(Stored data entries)

+ + + + + + +

lemma image_pos_subset: "\<sigma> \<in> Bn n \<Longrightarrow> image_pos n \<sigma> \<subseteq> signed_set n"
  unfolding image_pos_def using Bn_in_signed_set_iff by (fastforce simp: signed_set_def)

lemma uminus_in_image_pos_iff:
  assumes "\<sigma> \<in> Bn n" "y \<in> signed_set n"
  shows "- y \<in> image_pos n \<sigma> \<longleftrightarrow> y \<notin> image_pos n \<sigma>"
proof -
  obtain x where x: "x \<in> signed_set n" "y = \<sigma> x"
    using permutes_surj[OF Bn_permutes[OF assms(1)]] Bn_in_signed_set_iff[OF assms(1)] assms(2)
    by (metis surjD)
  have image_pos_iff: "\<sigma> w \<in> image_pos n \<sigma> \<longleftrightarrow> 1 \<le> w \<and> w \<le> int n" for w
    using Bn_eq_iff[OF assms(1)] by (auto simp: image_pos_def)
  show ?thesis
    using x image_pos_iff[of x] image_pos_iff[of "- x"] Bn_uminus[OF assms(1), of x]
    by (auto simp: signed_set_def)
qed

definition rev_compl :: "nat \<Rightarrow> (int \<Rightarrow> int) \<Rightarrow> int \<Rightarrow> int" where
  "rev_compl n \<sigma> = signed_ext (image_pos n \<sigma>) (order_reversal (image_pos n \<sigma>)) \<circ> \<sigma> \<circ> rev_perm n"

lemma rev_compl_pos:
  assumes "1 \<le> x" "x \<le> int n"
  shows "rev_compl n \<sigma> x = order_reversal (image_pos n \<sigma>) (\<sigma> (int n + 1 - x))"
proof -
  have "\<sigma> (int n + 1 - x) \<in> image_pos n \<sigma>" using assms by (auto simp: image_pos_def)
  then show ?thesis using assms by (simp add: rev_compl_def signed_ext_def rev_perm_pos)
qed

lemma image_pos_rev_compl:
  assumes "\<sigma> \<in> Bn n"
  shows "image_pos n (rev_compl n \<sigma>) = image_pos n \<sigma>"
proof -
  let ?V = "image_pos n \<sigma>"
  have "image_pos n (rev_compl n \<sigma>) = signed_ext ?V (order_reversal ?V) ` ?V"
    unfolding rev_compl_def image_pos_def image_comp[symmetric] rev_perm_image_pos ..
  also have "\<dots> = order_reversal ?V ` ?V" by (rule image_cong) (auto simp: signed_ext_def)
  also have "\<dots> = ?V" by (rule order_reversal_image[OF finite_image_pos])
  finally show ?thesis .
qed

lemma rev_compl_Bn:
  assumes "\<sigma> \<in> Bn n"
  shows "rev_compl n \<sigma> \<in> Bn n"
  unfolding rev_compl_def
  by (intro Bn_comp signed_ext_Bn rev_perm_Bn assms image_pos_subset uminus_in_image_pos_iff
            order_reversal_mem order_reversal_involution finite_image_pos)

lemma rev_compl_rev_compl:
  assumes "\<sigma> \<in> Bn n"
  shows "rev_compl n (rev_compl n \<sigma>) = \<sigma>"
proof
  fix x
  let ?V = "image_pos n \<sigma>"
  have disj: "- v \<notin> ?V" if "v \<in> ?V" for v
    using uminus_in_image_pos_iff[OF assms] image_pos_subset[OF assms] that by blast
  show "rev_compl n (rev_compl n \<sigma>) x = \<sigma> x"
    unfolding rev_compl_def[of n "rev_compl n \<sigma>"] image_pos_rev_compl[OF assms]
    using signed_ext_signed_ext[OF disj order_reversal_mem[OF finite_image_pos]
        order_reversal_involution[OF finite_image_pos]]
    by (simp add: rev_compl_def)
qed

lemma rev_compl_descent_iff:
  assumes "\<sigma> \<in> Bn n" "1 \<le> i" "i < n"
  shows "rev_compl n \<sigma> (int i + 1) < rev_compl n \<sigma> (int i)
    \<longleftrightarrow> \<sigma> (int (n - i) + 1) < \<sigma> (int (n - i))"
proof -
  let ?V = "image_pos n \<sigma>"
  have "rev_compl n \<sigma> (int i + 1) = order_reversal ?V (\<sigma> (int (n - i)))"
    using rev_compl_pos[of "int i + 1" n \<sigma>] assms(2,3) by (simp add: of_nat_diff)
  moreover have "rev_compl n \<sigma> (int i) = order_reversal ?V (\<sigma> (int (n - i) + 1))"
    using rev_compl_pos[of "int i" n \<sigma>] assms(2,3) by (simp add: of_nat_diff algebra_simps)
  moreover have "\<sigma> (int (n - i)) \<in> ?V" "\<sigma> (int (n - i) + 1) \<in> ?V"
    using assms(2,3) by (auto simp: image_pos_def)
  ultimately show ?thesis by (simp add: order_reversal_less_iff[OF finite_image_pos])
qed

lemma majB_eq_rmajB_rev_compl:
  assumes "1 \<le> n" "\<sigma> \<in> Bn n"
  shows "majB n \<sigma> = rmajB n (rev_compl n \<sigma>)"
proof -
  have bounds: "1 \<le> j \<and> j \<le> n - 1" if "j \<in> DesS n \<tau>" for j \<tau>
    using that by (simp add: DesS_def)
  have DesS_iff: "n - j \<in> DesS n (rev_compl n \<sigma>) \<longleftrightarrow> j \<in> DesS n \<sigma>" if "1 \<le> j" "j \<le> n - 1" for j
    using that rev_compl_descent_iff[OF assms(2), of "n - j"]
    unfolding DesS_eq[OF assms] DesS_eq[OF assms(1) rev_compl_Bn[OF assms(2)]] by auto
  show ?thesis
    unfolding majB_def rmajB_def
  proof (rule sum.reindex_bij_witness[of _ "\<lambda>i. n - i" "\<lambda>i. n - i"])
    show "n - j \<in> DesS n (rev_compl n \<sigma>)" if "j \<in> DesS n \<sigma>" for j
      using DesS_iff bounds that by blast
    show "n - i \<in> DesS n \<sigma>" if "i \<in> DesS n (rev_compl n \<sigma>)" for i
    proof -
      have "n - (n - i) = i" using bounds[OF that] by arith
      then show ?thesis using DesS_iff[of "n - i"] bounds[OF that] that by auto
    qed
  qed (use bounds in force)+
qed

lemma Neg_inv_eq:
  assumes "\<sigma> \<in> Bn n"
  shows "Neg n (inv \<sigma>) = {k. 1 \<le> k \<and> k \<le> n \<and> - int k \<in> image_pos n \<sigma>}"
proof -
  have "inv \<sigma> (int k) < 0 \<longleftrightarrow> - int k \<in> image_pos n \<sigma>" if "1 \<le> k" "k \<le> n" for k
  proof -
    let ?x = "inv \<sigma> (int k)"
    have "\<sigma> ?x = int k" using permutes_inverses(1)[OF Bn_permutes[OF assms]] .
    then have x: "?x \<in> signed_set n" "\<sigma> (- ?x) = - int k"
      using Bn_in_signed_set_iff[OF assms, of ?x] Bn_uminus[OF assms, of ?x] that
      by (auto simp: signed_set_def)
    show ?thesis
    proof
      assume "?x < 0"
      then show "- int k \<in> image_pos n \<sigma>"
        using x unfolding image_pos_def by (auto simp: signed_set_def intro!: image_eqI[of _ _ "- ?x"])
    next
      assume "- int k \<in> image_pos n \<sigma>"
      then obtain y where "1 \<le> y" "\<sigma> y = \<sigma> (- ?x)" using x(2) by (auto simp: image_pos_def)
      then show "?x < 0" using Bn_eq_iff[OF assms] by force
    qed
  qed
  then show ?thesis unfolding Neg_def by auto
qed

theorem lemma2p29:
  fixes n :: nat
  assumes "n \<ge> 1"
  shows "\<exists>\<phi>. (\<forall>\<sigma>\<in>Bn n. \<phi> \<sigma> \<in> Bn n \<and> \<phi> (\<phi> \<sigma>) = \<sigma>)
            \<and> (\<forall>\<sigma>\<in>Bn n. majB n \<sigma> = rmajB n (\<phi> \<sigma>)
                          \<and> Neg n (inv \<sigma>) = Neg n (inv (\<phi> \<sigma>)))"
proof (intro exI[of _ "rev_compl n"] conjI ballI)
  fix \<sigma> assume \<sigma>: "\<sigma> \<in> Bn n"
  show "rev_compl n \<sigma> \<in> Bn n" using rev_compl_Bn[OF \<sigma>] .
  show "rev_compl n (rev_compl n \<sigma>) = \<sigma>" using rev_compl_rev_compl[OF \<sigma>] .
  show "majB n \<sigma> = rmajB n (rev_compl n \<sigma>)" using majB_eq_rmajB_rev_compl[OF assms \<sigma>] .
  show "Neg n (inv \<sigma>) = Neg n (inv (rev_compl n \<sigma>))"
    unfolding Neg_inv_eq[OF \<sigma>] Neg_inv_eq[OF rev_compl_Bn[OF \<sigma>]] image_pos_rev_compl[OF \<sigma>] ..
qed

end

+ + + + + + +

What the task requires -> Gather each line of the records holding the string "then".

Written response ->
  then show ?thesis using assms by (simp add: rev_compl_def signed_ext_def rev_perm_pos)
      then show ?thesis using DesS_iff[of "n - i"] bounds[OF that] that by auto
    then have x: "?x \<in> signed_set n" "\<sigma> (- ?x) = - int k"
      then show "- int k \<in> image_pos n \<sigma>"
      then obtain y where "1 \<le> y" "\<sigma> y = \<sigma> (- ?x)" using x(2) by (auto simp: image_pos_def)
      then show "?x < 0" using Bn_eq_iff[OF assms] by force
  then show ?thesis unfolding Neg_def by auto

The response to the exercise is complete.